(* Let $\Lambda$ be a row-finite $k$-graph with no sources and $R$ a commutative ring with $1$. The cycline subalgebra $\mathcal{M}$ of ${\rm KP}_R(\Lambda)$ is commutative.
   Context: A $k$-graph is a countable category $\Lambda$ (vertices $\Lambda^0$, paths, maps $r,s$) with a degree functor $d:\Lambda\to\mathbb{N}^k$ satisfying unique factorization: if $d(\lambda)=m+n$ there are unique $\mu,\nu$ with $s(\mu)=r(\nu)$, $d(\mu)=m,d(\nu)=n$, $\lambda=\mu\nu$. $v\Lambda=\{\lambda: r(\lambda)=v\}$, $v\Lambda^n$ those of degree $n$; row-finite with no sources means each $v\Lambda^n$ is finite and nonempty. ${\rm KP}_R(\Lambda)$ is the universal $R$-algebra generated by $p_v$ ($v\in\Lambda^0$), $s_\lambda,s_{\lambda^*}$ ($d(\lambda)\ne0$) with relations (KP1) $p_v$ mutually orthogonal idempotents; (KP2) $s_\lambda s_\mu=s_{\lambda\mu}$, $s_{\mu^*}s_{\lambda^*}=s_{(\lambda\mu)^*}$, $p_{r(\lambda)}s_\lambda=s_\lambda=s_\lambda p_{s(\lambda)}$, $p_{s(\lambda)}s_{\lambda^*}=s_{\lambda^*}=s_{\lambda^*}p_{r(\lambda)}$ when $r(\mu)=s(\lambda)$; (KP3) $s_{\lambda^*}s_\mu=\delta_{\lambda,\mu}p_{s(\lambda)}$ when $d(\lambda)=d(\mu)$; (KP4) $p_v=\sum_{\lambda\in v\Lambda^n}s_\lambda s_{\lambda^*}$ for $n\ne0$. Convention $s_v=s_{v^*}=p_v$. A pair $(\alpha,\beta)\in\Lambda\times\Lambda$ with $s(\alpha)=s(\beta)$ is a cycline pair if $s_{\alpha\gamma}s_{(\alpha\gamma)^*}=s_{\beta\gamma}s_{(\beta\gamma)^*}$ for all $\gamma\in s(\alpha)\Lambda$. The cycline subalgebra $\mathcal{M}$ is the $R$-subalgebra of ${\rm KP}_R(\Lambda)$ generated by $\{s_\alpha s_{\beta^*}: (\alpha,\beta)\text{ cycline}\}$. *)

theory Defs
  imports Main "HOL-Library.Countable_Set"
begin

text \<open>A k-graph is modelled by: a set Lam of morphisms (paths) of type 'p, the set V of
objects (vertices) identified with the identity morphisms, range and source maps r, s,
composition cmp (only meaningful on composable pairs: cmp lam mu for s lam = r mu,
i.e. lam mu in the paper's notation), and a degree functor d into N^k, where N^k is
rendered as 'k => nat for a finite index type 'k with CARD('k) = k.\<close>

definition deg_add :: "('k \<Rightarrow> nat) \<Rightarrow> ('k \<Rightarrow> nat) \<Rightarrow> ('k \<Rightarrow> nat)" where
  "deg_add m n = (\<lambda>i. m i + n i)"

definition deg_zero :: "'k \<Rightarrow> nat" where
  "deg_zero = (\<lambda>i. 0)"

definition is_kgraph ::
  "'p set \<Rightarrow> 'p set \<Rightarrow> ('p \<Rightarrow> 'p) \<Rightarrow> ('p \<Rightarrow> 'p) \<Rightarrow> ('p \<Rightarrow> 'p \<Rightarrow> 'p)
   \<Rightarrow> ('p \<Rightarrow> ('k::finite \<Rightarrow> nat)) \<Rightarrow> bool" where
  "is_kgraph Lam V r s cmp d \<longleftrightarrow>
     countable Lam \<and> V \<subseteq> Lam \<and>
     (\<forall>l\<in>Lam. r l \<in> V \<and> s l \<in> V) \<and>
     (\<forall>v\<in>V. r v = v \<and> s v = v) \<and>
     (\<forall>l\<in>Lam. cmp (r l) l = l \<and> cmp l (s l) = l) \<and>
     (\<forall>l\<in>Lam. \<forall>m\<in>Lam. s l = r m \<longrightarrow>
        cmp l m \<in> Lam \<and> r (cmp l m) = r l \<and> s (cmp l m) = s m) \<and>
     (\<forall>l\<in>Lam. \<forall>m\<in>Lam. \<forall>n\<in>Lam. s l = r m \<longrightarrow> s m = r n \<longrightarrow>
        cmp (cmp l m) n = cmp l (cmp m n)) \<and>
     (\<forall>v\<in>V. d v = deg_zero) \<and>
     (\<forall>l\<in>Lam. \<forall>m\<in>Lam. s l = r m \<longrightarrow> d (cmp l m) = deg_add (d l) (d m)) \<and>
     (\<forall>l\<in>Lam. \<forall>m n. d l = deg_add m n \<longrightarrow>
        (\<exists>!(mu, nu). mu \<in> Lam \<and> nu \<in> Lam \<and> s mu = r nu \<and> d mu = m \<and> d nu = n
                     \<and> l = cmp mu nu))"

definition row_finite_no_sources ::
  "'p set \<Rightarrow> 'p set \<Rightarrow> ('p \<Rightarrow> 'p) \<Rightarrow> ('p \<Rightarrow> ('k \<Rightarrow> nat)) \<Rightarrow> bool" where
  "row_finite_no_sources Lam V r d \<longleftrightarrow>
     (\<forall>v\<in>V. \<forall>n. finite {l\<in>Lam. r l = v \<and> d l = n} \<and> {l\<in>Lam. r l = v \<and> d l = n} \<noteq> {})"

datatype 'p kpgen = Pgen 'p | Sgen 'p | Sstar 'p

text \<open>Elements of the free algebra over R on the generators: finitely supported functions
from words (lists of generators) to R; we work with all functions, the relevant ones are
finitely supported.\<close>

type_synonym ('p, 'r) fa = "'p kpgen list \<Rightarrow> 'r"

definition fa_mono :: "'p kpgen list \<Rightarrow> ('p, 'r::comm_ring_1) fa" where
  "fa_mono w = (\<lambda>u. if u = w then 1 else 0)"

definition fa_add :: "('p, 'r::comm_ring_1) fa \<Rightarrow> ('p, 'r) fa \<Rightarrow> ('p, 'r) fa" where
  "fa_add f g = (\<lambda>u. f u + g u)"

definition fa_sub :: "('p, 'r::comm_ring_1) fa \<Rightarrow> ('p, 'r) fa \<Rightarrow> ('p, 'r) fa" where
  "fa_sub f g = (\<lambda>u. f u - g u)"

definition fa_smult :: "'r::comm_ring_1 \<Rightarrow> ('p, 'r) fa \<Rightarrow> ('p, 'r) fa" where
  "fa_smult c f = (\<lambda>u. c * f u)"

definition fa_zero :: "('p, 'r::comm_ring_1) fa" where
  "fa_zero = (\<lambda>u. 0)"

definition fa_mult :: "('p, 'r::comm_ring_1) fa \<Rightarrow> ('p, 'r) fa \<Rightarrow> ('p, 'r) fa" where
  "fa_mult f g = (\<lambda>w. \<Sum>i\<le>length w. f (take i w) * g (drop i w))"

definition fa_sum :: "'a set \<Rightarrow> ('a \<Rightarrow> ('p, 'r::comm_ring_1) fa) \<Rightarrow> ('p, 'r) fa" where
  "fa_sum A F = (\<lambda>u. \<Sum>a\<in>A. F a u)"

text \<open>Generator words, with the convention s_v = s_{v*} = p_v for degree-zero paths
(which, by unique factorisation, are exactly the vertices).\<close>

definition kp_s :: "('p \<Rightarrow> ('k \<Rightarrow> nat)) \<Rightarrow> 'p \<Rightarrow> ('p, 'r::comm_ring_1) fa" where
  "kp_s d l = fa_mono (if d l = deg_zero then [Pgen l] else [Sgen l])"

definition kp_sstar :: "('p \<Rightarrow> ('k \<Rightarrow> nat)) \<Rightarrow> 'p \<Rightarrow> ('p, 'r::comm_ring_1) fa" where
  "kp_sstar d l = fa_mono (if d l = deg_zero then [Pgen l] else [Sstar l])"

definition kp_p :: "'p \<Rightarrow> ('p, 'r::comm_ring_1) fa" where
  "kp_p v = fa_mono [Pgen v]"

text \<open>The defining relations (KP1)-(KP4), as elements (left side minus right side)
of the free algebra.\<close>

definition kp_relations ::
  "'p set \<Rightarrow> 'p set \<Rightarrow> ('p \<Rightarrow> 'p) \<Rightarrow> ('p \<Rightarrow> 'p) \<Rightarrow> ('p \<Rightarrow> 'p \<Rightarrow> 'p)
   \<Rightarrow> ('p \<Rightarrow> ('k \<Rightarrow> nat)) \<Rightarrow> ('p, 'r::comm_ring_1) fa set" where
  "kp_relations Lam V r s cmp d =
     \<comment> \<open>(KP1)\<close>
     {fa_sub (fa_mult (kp_p v) (kp_p v)) (kp_p v) | v. v \<in> V} \<union>
     {fa_mult (kp_p v) (kp_p w) | v w. v \<in> V \<and> w \<in> V \<and> v \<noteq> w} \<union>
     \<comment> \<open>(KP2)\<close>
     {fa_sub (fa_mult (kp_s d l) (kp_s d m)) (kp_s d (cmp l m)) | l m.
        l \<in> Lam \<and> m \<in> Lam \<and> d l \<noteq> deg_zero \<and> d m \<noteq> deg_zero \<and> r m = s l} \<union>
     {fa_sub (fa_mult (kp_sstar d m) (kp_sstar d l)) (kp_sstar d (cmp l m)) | l m.
        l \<in> Lam \<and> m \<in> Lam \<and> d l \<noteq> deg_zero \<and> d m \<noteq> deg_zero \<and> r m = s l} \<union>
     {fa_sub (fa_mult (kp_p (r l)) (kp_s d l)) (kp_s d l) | l. l \<in> Lam \<and> d l \<noteq> deg_zero} \<union>
     {fa_sub (fa_mult (kp_s d l) (kp_p (s l))) (kp_s d l) | l. l \<in> Lam \<and> d l \<noteq> deg_zero} \<union>
     {fa_sub (fa_mult (kp_p (s l)) (kp_sstar d l)) (kp_sstar d l) | l. l \<in> Lam \<and> d l \<noteq> deg_zero} \<union>
     {fa_sub (fa_mult (kp_sstar d l) (kp_p (r l))) (kp_sstar d l) | l. l \<in> Lam \<and> d l \<noteq> deg_zero} \<union>
     \<comment> \<open>(KP3)\<close>
     {fa_sub (fa_mult (kp_sstar d l) (kp_s d m)) (if l = m then kp_p (s l) else fa_zero) | l m.
        l \<in> Lam \<and> m \<in> Lam \<and> d l \<noteq> deg_zero \<and> d l = d m} \<union>
     \<comment> \<open>(KP4)\<close>
     {fa_sub (kp_p v) (fa_sum {l\<in>Lam. r l = v \<and> d l = n} (\<lambda>l. fa_mult (kp_s d l) (kp_sstar d l)))
        | v n. v \<in> V \<and> n \<noteq> deg_zero}"

inductive_set fa_ideal :: "('p, 'r::comm_ring_1) fa set \<Rightarrow> ('p, 'r) fa set"
  for G :: "('p, 'r) fa set" where
  gen: "x \<in> G \<Longrightarrow> x \<in> fa_ideal G"
| zero: "fa_zero \<in> fa_ideal G"
| add: "x \<in> fa_ideal G \<Longrightarrow> y \<in> fa_ideal G \<Longrightarrow> fa_add x y \<in> fa_ideal G"
| smult: "x \<in> fa_ideal G \<Longrightarrow> fa_smult c x \<in> fa_ideal G"
| mult: "x \<in> fa_ideal G \<Longrightarrow> fa_mult (fa_mono u) (fa_mult x (fa_mono w)) \<in> fa_ideal G"

text \<open>KP_R(Lambda) is the quotient of the free algebra by this ideal; two elements of the
free algebra are equal in KP_R(Lambda) iff their difference lies in kp_ideal.\<close>

definition kp_ideal ::
  "'p set \<Rightarrow> 'p set \<Rightarrow> ('p \<Rightarrow> 'p) \<Rightarrow> ('p \<Rightarrow> 'p) \<Rightarrow> ('p \<Rightarrow> 'p \<Rightarrow> 'p)
   \<Rightarrow> ('p \<Rightarrow> ('k \<Rightarrow> nat)) \<Rightarrow> ('p, 'r::comm_ring_1) fa set" where
  "kp_ideal Lam V r s cmp d = fa_ideal (kp_relations Lam V r s cmp d)"

definition kp_eq ::
  "'p set \<Rightarrow> 'p set \<Rightarrow> ('p \<Rightarrow> 'p) \<Rightarrow> ('p \<Rightarrow> 'p) \<Rightarrow> ('p \<Rightarrow> 'p \<Rightarrow> 'p)
   \<Rightarrow> ('p \<Rightarrow> ('k \<Rightarrow> nat)) \<Rightarrow> ('p, 'r::comm_ring_1) fa \<Rightarrow> ('p, 'r) fa \<Rightarrow> bool" where
  "kp_eq Lam V r s cmp d x y \<longleftrightarrow> fa_sub x y \<in> kp_ideal Lam V r s cmp d"

definition cycline_pair ::
  "'p set \<Rightarrow> 'p set \<Rightarrow> ('p \<Rightarrow> 'p) \<Rightarrow> ('p \<Rightarrow> 'p) \<Rightarrow> ('p \<Rightarrow> 'p \<Rightarrow> 'p)
   \<Rightarrow> ('p \<Rightarrow> ('k \<Rightarrow> nat)) \<Rightarrow> 'r::comm_ring_1 itself \<Rightarrow> 'p \<Rightarrow> 'p \<Rightarrow> bool" where
  "cycline_pair Lam V r s cmp d (_::'r itself) a b \<longleftrightarrow>
     a \<in> Lam \<and> b \<in> Lam \<and> s a = s b \<and>
     (\<forall>g\<in>Lam. r g = s a \<longrightarrow>
        kp_eq Lam V r s cmp d
          (fa_mult (kp_s d (cmp a g)) (kp_sstar d (cmp a g)) :: ('p, 'r) fa)
          (fa_mult (kp_s d (cmp b g)) (kp_sstar d (cmp b g))))"

text \<open>Representatives (in the free algebra) of the elements of the cycline subalgebra:
the R-subalgebra generated by the s_alpha s_{beta*} with (alpha, beta) cycline.\<close>

inductive_set cycline_sub ::
  "'p set \<Rightarrow> 'p set \<Rightarrow> ('p \<Rightarrow> 'p) \<Rightarrow> ('p \<Rightarrow> 'p) \<Rightarrow> ('p \<Rightarrow> 'p \<Rightarrow> 'p)
   \<Rightarrow> ('p \<Rightarrow> ('k \<Rightarrow> nat)) \<Rightarrow> ('p, 'r::comm_ring_1) fa set"
  for Lam V r s cmp d where
  gen: "cycline_pair Lam V r s cmp d TYPE('r) a b \<Longrightarrow>
        fa_mult (kp_s d a) (kp_sstar d b) \<in> cycline_sub Lam V r s cmp d"
| zero: "fa_zero \<in> cycline_sub Lam V r s cmp d"
| add: "x \<in> cycline_sub Lam V r s cmp d \<Longrightarrow> y \<in> cycline_sub Lam V r s cmp d \<Longrightarrow>
        fa_add x y \<in> cycline_sub Lam V r s cmp d"
| smult: "x \<in> cycline_sub Lam V r s cmp d \<Longrightarrow> fa_smult c x \<in> cycline_sub Lam V r s cmp d"
| mult: "x \<in> cycline_sub Lam V r s cmp d \<Longrightarrow> y \<in> cycline_sub Lam V r s cmp d \<Longrightarrow>
        fa_mult x y \<in> cycline_sub Lam V r s cmp d"

end

theory Submission
  imports Defs "HOL-Library.Poly_Mapping"
begin

text \<open>
  For a cycline pair \<open>(a, b)\<close> the range projections \<open>p\<^sub>a\<^sub>g = s\<^sub>a\<^sub>g s\<^sub>a\<^sub>g\<^sup>*\<close> and
  \<open>p\<^sub>b\<^sub>g\<close> agree for every extension \<open>g\<close>. Given two cycline pairs \<open>(a, b)\<close> and \<open>(m, n)\<close>,
  choose a degree \<open>N\<close> above all four degrees and expand over the common extensions
  \<open>b g = m h\<close> of degree \<open>N\<close>: the product \<open>s\<^sub>a s\<^sub>b\<^sup>* s\<^sub>m s\<^sub>n\<^sup>*\<close> becomes a sum of terms
  \<open>s\<^sub>a\<^sub>g s\<^sub>n\<^sub>h\<^sup>*\<close>, which are again cycline generators and are each absorbed by the projection
  \<open>p\<^sub>b p\<^sub>m = p\<^sub>a p\<^sub>n\<close>. Expanding this projection over the common extensions \<open>n h' = a g'\<close>
  and using \<open>s\<^sub>x s\<^sub>y\<^sup>* p\<^sub>x\<^sub>' = s\<^sub>x\<^sub>' s\<^sub>y\<^sub>'\<^sup>* p\<^sub>x\<close> for cycline pairs with \<open>d x - d y = d x' - d y'\<close>,
  the double sum rearranges into the expansion of \<open>s\<^sub>m s\<^sub>n\<^sup>* s\<^sub>a s\<^sub>b\<^sup>*\<close>. Commutation of the
  generators passes to the subalgebra they generate.
\<close>

lemma sum_swap_pairs:
  "(\<Sum>a \<in> A. \<Sum>b \<in> B. \<Sum>c \<in> C. \<Sum>e \<in> E. F a b c e) =
    (\<Sum>c \<in> C. \<Sum>e \<in> E. \<Sum>a \<in> A. \<Sum>b \<in> B. F a b c e)"
proof -
  have "(\<Sum>a \<in> A. \<Sum>b \<in> B. \<Sum>c \<in> C. \<Sum>e \<in> E. F a b c e) =
      (\<Sum>a \<in> A. \<Sum>c \<in> C. \<Sum>b \<in> B. \<Sum>e \<in> E. F a b c e)"
    by (rule sum.cong[OF refl], rule sum.swap)
  also have "\<dots> = (\<Sum>a \<in> A. \<Sum>c \<in> C. \<Sum>e \<in> E. \<Sum>b \<in> B. F a b c e)"
    by (rule sum.cong[OF refl], rule sum.cong[OF refl], rule sum.swap)
  also have "\<dots> = (\<Sum>c \<in> C. \<Sum>a \<in> A. \<Sum>e \<in> E. \<Sum>b \<in> B. F a b c e)"
    by (rule sum.swap)
  also have "\<dots> = (\<Sum>c \<in> C. \<Sum>e \<in> E. \<Sum>a \<in> A. \<Sum>b \<in> B. F a b c e)"
    by (rule sum.cong[OF refl], rule sum.swap)
  finally show ?thesis .
qed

· · · ·

◆ **Task to complete**:
Using the records above, set down exactly the lines from the one with "(\<forall>v\<in>V. r v" through the one with "text \<open>Elements of", inclusive, and nothing more.

◆ **Result**:
     (\<forall>v\<in>V. r v = v \<and> s v = v) \<and>
     (\<forall>l\<in>Lam. cmp (r l) l = l \<and> cmp l (s l) = l) \<and>
     (\<forall>l\<in>Lam. \<forall>m\<in>Lam. s l = r m \<longrightarrow>
        cmp l m \<in> Lam \<and> r (cmp l m) = r l \<and> s (cmp l m) = s m) \<and>
     (\<forall>l\<in>Lam. \<forall>m\<in>Lam. \<forall>n\<in>Lam. s l = r m \<longrightarrow> s m = r n \<longrightarrow>
        cmp (cmp l m) n = cmp l (cmp m n)) \<and>
     (\<forall>v\<in>V. d v = deg_zero) \<and>
     (\<forall>l\<in>Lam. \<forall>m\<in>Lam. s l = r m \<longrightarrow> d (cmp l m) = deg_add (d l) (d m)) \<and>
     (\<forall>l\<in>Lam. \<forall>m n. d l = deg_add m n \<longrightarrow>
        (\<exists>!(mu, nu). mu \<in> Lam \<and> nu \<in> Lam \<and> s mu = r nu \<and> d mu = m \<and> d nu = n
                     \<and> l = cmp mu nu))"

definition row_finite_no_sources ::
  "'p set \<Rightarrow> 'p set \<Rightarrow> ('p \<Rightarrow> 'p) \<Rightarrow> ('p \<Rightarrow> ('k \<Rightarrow> nat)) \<Rightarrow> bool" where
  "row_finite_no_sources Lam V r d \<longleftrightarrow>
     (\<forall>v\<in>V. \<forall>n. finite {l\<in>Lam. r l = v \<and> d l = n} \<and> {l\<in>Lam. r l = v \<and> d l = n} \<noteq> {})"

datatype 'p kpgen = Pgen 'p | Sgen 'p | Sstar 'p

text \<open>Elements of the free algebra over R on the generators: finitely supported functions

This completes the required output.